Buchenstämme lösten sich vom Sattelzug
Hierbei lösten sich die geladenen Buchenstämme und rollten teilweise weiter über die Grünfläche, erreichten die entgegenkommende Richtungsfahrbahn jedoch nicht. Ein dahinter fahrender Pritschenwagen wich dem Holztransporter nach rechts aus und touchierte hierbei einen weiteren Sattelzug. Ein folgender Pkw überfuhr vermutlich die herabgefallenen Bordwände des Pritschenwagens und wurde ebenfalls beschädigt. Der Pritschenwagen, sowie der Holztransporter waren nicht mehr fahrbereit und wurden durch Abschleppunternehmen geborgen.

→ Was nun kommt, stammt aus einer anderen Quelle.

lemma bilinear_bound_neg:
  fixes a b c \<phi> \<psi> :: real
  assumes thirds: "pi/3 < \<phi>" "pi/3 < \<psi>" and sum: "\<phi> + \<psi> \<le> 5*pi/6" and "0 < c"
    and a: "2 * c * cos \<phi> \<le> a" "a \<le> c" and b: "2 * c * cos \<psi> \<le> b" "b \<le> c"
  shows "2 * cos (\<phi> + \<psi>) * a * b + c * a + c * b - 2 * c^2 * (cos \<phi> + cos \<psi>) < 0"
proof -
  define C where "C = cos (\<phi> + \<psi>)"
  define g where "g a b = 2 * C * a * b + c * a + c * b - 2 * c^2 * (cos \<phi> + cos \<psi>)" for a b
  have "\<phi> < pi/2" "\<psi> < pi/2" using thirds sum by auto
  then have "0 < cos \<phi>" "0 < cos \<psi>" "0 < sin \<phi>" using thirds by (auto intro: cos_gt_zero_pi sin_gt_zero)
  have "C < 0"
    unfolding C_def using cos_monotone_0_pi[of "pi/2" "\<phi> + \<psi>"] thirds sum by auto
  have "g a b < 0"
  proof (rule bilinear_neg_on_box[of g])
    show "g a b = 2 * C * a * b + c * a + c * b + - 2 * c^2 * (cos \<phi> + cos \<psi>)" for a b
      unfolding g_def by simp
    show "2 * c * cos \<phi> \<le> a" "a \<le> c" "2 * c * cos \<psi> \<le> b" "b \<le> c" using a b .
    have "g (2 * c * cos \<phi>) (2 * c * cos \<psi>) = 8 * c^2 * (cos \<phi> * cos \<psi> * C)"
      unfolding g_def by (simp add: power2_eq_square algebra_simps)
    then show "g (2 * c * cos \<phi>) (2 * c * cos \<psi>) < 0"
      using \<open>0 < c\<close> \<open>0 < cos \<phi>\<close> \<open>0 < cos \<psi>\<close> \<open>C < 0\<close> by (simp add: mult_pos_neg)
    have "g (2 * c * cos \<phi>) c = c^2 * (1 + 4 * cos \<phi> * C - 2 * cos \<psi>)"
      unfolding g_def by (simp add: power2_eq_square algebra_simps)
    moreover have "1 + 4 * cos \<phi> * C - 2 * cos \<psi> < 0"
      using cos_corner_neg[of \<psi> \<phi>] thirds sum by (simp add: C_def add.commute)
    ultimately show "g (2 * c * cos \<phi>) c < 0" using \<open>0 < c\<close> by (simp add: mult_pos_neg)
    have "g c (2 * c * cos \<psi>) = c^2 * (1 + 4 * cos \<psi> * C - 2 * cos \<phi>)"
      unfolding g_def by (simp add: power2_eq_square algebra_simps)
    moreover have "1 + 4 * cos \<psi> * C - 2 * cos \<phi> < 0"
      using cos_corner_neg[of \<phi> \<psi>] thirds sum by (simp add: C_def)
    ultimately show "g c (2 * c * cos \<psi>) < 0" using \<open>0 < c\<close> by (simp add: mult_pos_neg)
    have "g c c = 2 * c^2 * ((1 - cos \<phi>) * (1 - cos \<psi>) - sin \<phi> * sin \<psi>)"
      unfolding g_def C_def cos_add by (simp add: power2_eq_square algebra_simps)
    moreover have "(1 - cos \<phi>) * (1 - cos \<psi>) < sin \<phi> * sin \<psi>"
      using sin_plus_cos_gt_one[of \<phi>] sin_plus_cos_gt_one[of \<psi>] thirds \<open>\<phi> < pi/2\<close> \<open>\<psi> < pi/2\<close>
        cos_le_one \<open>0 < sin \<phi>\<close>
      by (intro mult_strict_mono) auto
    ultimately show "g c c < 0" using \<open>0 < c\<close> by (simp add: mult_pos_neg)
  qed
  then show ?thesis unfolding g_def C_def .
qed

lemma polar_dist_lt_base:
  fixes a b c \<phi> \<psi> :: real
  assumes a: "0 < a" "a < c" and b: "0 < b" "b < c"
    and angles: "0 < \<phi>" "0 < \<psi>" "\<phi> + \<psi> \<le> 5*pi/6"
    and far_a: "2 * c * cos \<phi> \<le> a" and far_b: "2 * c * cos \<psi> \<le> b"
  shows "(a * cos \<phi> + b * cos \<psi> - c)^2 + (a * sin \<phi> - b * sin \<psi>)^2 < c^2"
proof -
  have "0 < c" using a by simp
  have below_half: "cos \<theta> < 1/2" if "2 * c * cos \<theta> \<le> r" "r < c" for r \<theta>
  proof -
    have "c * (2 * cos \<theta>) < c * 1" using that by (simp only: mult.assoc[symmetric])
    then show ?thesis using \<open>0 < c\<close> by (subst (asm) mult_less_cancel_left_pos) auto
  qed
  have "cos \<phi> < 1/2" "cos \<psi> < 1/2" using below_half far_a far_b a b by blast+
  then have thirds: "pi/3 < \<phi>" "pi/3 < \<psi>"
    using pi_third_lt_if_cos_lt_half[of \<phi>] pi_third_lt_if_cos_lt_half[of \<psi>] angles pi_gt_zero
    by linarith+
  let ?a0 = "2 * c * cos \<phi>" and ?b0 = "2 * c * cos \<psi>"
  have "(a * cos \<phi> + b * cos \<psi> - c)^2 + (a * sin \<phi> - b * sin \<psi>)^2 - c^2
      = a * (a - ?a0) + b * (b - ?b0) + 2 * cos (\<phi> + \<psi>) * a * b"
    unfolding cos_add using sin_cos_squared_add[of \<phi>] sin_cos_squared_add[of \<psi>] by algebra
  also have "\<dots> \<le> c * (a - ?a0) + c * (b - ?b0) + 2 * cos (\<phi> + \<psi>) * a * b"
  proof -
    have "a * (a - ?a0) \<le> c * (a - ?a0)" "b * (b - ?b0) \<le> c * (b - ?b0)"
      using a b far_a far_b by (auto intro: mult_right_mono)
    then show ?thesis by linarith
  qed
  also have "\<dots> < 0"
    using bilinear_bound_neg[OF thirds angles(3) \<open>0 < c\<close> far_a _ far_b] a b
    by (simp add: power2_eq_square algebra_simps)
  finally show ?thesis by simp
qed

lemma le_norm_diff_of_real_iff:
  fixes z :: complex and c :: real
  assumes "0 \<le> c"
  shows "c \<le> norm (z - of_real c) \<longleftrightarrow> 2 * c * Re z \<le> (norm z)^2"
proof -
  have "(norm (z - of_real c))^2 = (norm z)^2 - 2 * c * Re z + c^2"
    by (simp add: cmod_power2 power2_diff algebra_simps)
  then show ?thesis
    using abs_le_square_iff[of c "norm (z - of_real c)"] assms by simp
qed

lemma norm_add_sub_of_real_lt:
  fixes z z' :: complex and c :: real
  assumes im: "0 < Im z" "Im z' < 0" and ang: "Arg z - Arg z' \<le> 5*pi/6"
    and z: "norm z < c" "c \<le> norm (z - of_real c)"
    and z': "norm z' < c" "c \<le> norm (z' - of_real c)"
  shows "norm (z + z' - of_real c) < c"
proof -
  define a where "a = norm z"
  define b where "b = norm z'"
  define \<phi> where "\<phi> = Arg z"
  define \<psi> where "\<psi> = - Arg z'"
  have "z = rcis a \<phi>" "z' = rcis b (- \<psi>)"
    unfolding a_def b_def \<phi>_def \<psi>_def by (simp_all add: rcis_cmod_Arg)
  then have polar: "Re z = a * cos \<phi>" "Im z = a * sin \<phi>" "Re z' = b * cos \<psi>" "Im z' = - (b * sin \<psi>)"
    by simp_all
  have "0 < a" "0 < b" using im unfolding a_def b_def by auto
  have "0 < \<phi>" "0 < \<psi>" using im Arg_lt_pi[of z] Arg_neg_iff[of z'] unfolding \<phi>_def \<psi>_def by auto
  have "0 < c" using z(1) norm_ge_zero[of z] by linarith
  have far: "2 * c * cos \<theta> \<le> r" if "0 < r" "2 * c * (r * cos \<theta>) \<le> r^2" for r \<theta>
  proof -
    have "r * (2 * c * cos \<theta>) \<le> r * r" using that(2) by (simp add: power2_eq_square mult_ac)
    then show ?thesis using that(1) by (simp add: mult_le_cancel_left_pos)
  qed
  have "2 * c * Re z \<le> (norm z)^2" "2 * c * Re z' \<le> (norm z')^2"
    using le_norm_diff_of_real_iff[of c] z(2) z'(2) \<open>0 < c\<close> by auto
  then have far_a: "2 * c * cos \<phi> \<le> a" and far_b: "2 * c * cos \<psi> \<le> b"
    using far[OF \<open>0 < a\<close>, of \<phi>] far[OF \<open>0 < b\<close>, of \<psi>] unfolding polar a_def b_def by auto
  have "(norm (z + z' - of_real c))^2 = (a * cos \<phi> + b * cos \<psi> - c)^2 + (a * sin \<phi> - b * sin \<psi>)^2"
    by (simp add: cmod_power2 polar)
  also have "\<dots> < c^2"
  proof (rule polar_dist_lt_base)
    show "0 < a" "a < c" "0 < b" "b < c" using \<open>0 < a\<close> \<open>0 < b\<close> z z' a_def b_def by auto
    show "0 < \<phi>" "0 < \<psi>" "\<phi> + \<psi> \<le> 5*pi/6" using \<open>0 < \<phi>\<close> \<open>0 < \<psi>\<close> ang \<phi>_def \<psi>_def by auto
    show "2 * c * cos \<phi> \<le> a" "2 * c * cos \<psi> \<le> b" using far_a far_b .
  qed
  finally show ?thesis using \<open>0 < c\<close> by (simp add: power2_less_imp_less)
qed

Sachschaden in Höhe von 200.000 Euro
Zur Unfallaufnahme befanden sich Beamte der Verkehrspolizeiinspektion Schweinfurt-Werneck vor Ort. Durch die Autobahnmeisterei Erbshausen wurden die auslaufenden Betriebsstoffe gebunden und, da der Verkehr für die Dauer der Bergungsarbeiten über die Rastanlage geleitet wurde, die Ableitung übernommen. Durch den Unfall entstand hoher Sachschaden von mehr als 200.000 Euro, verletzt wurde glücklicherweise jedoch niemand.
Bei diesem Artikel handelt es sich um eine Pressemitteilung der Verkehrspolizeiinspektion Schweinfurt-Werneck.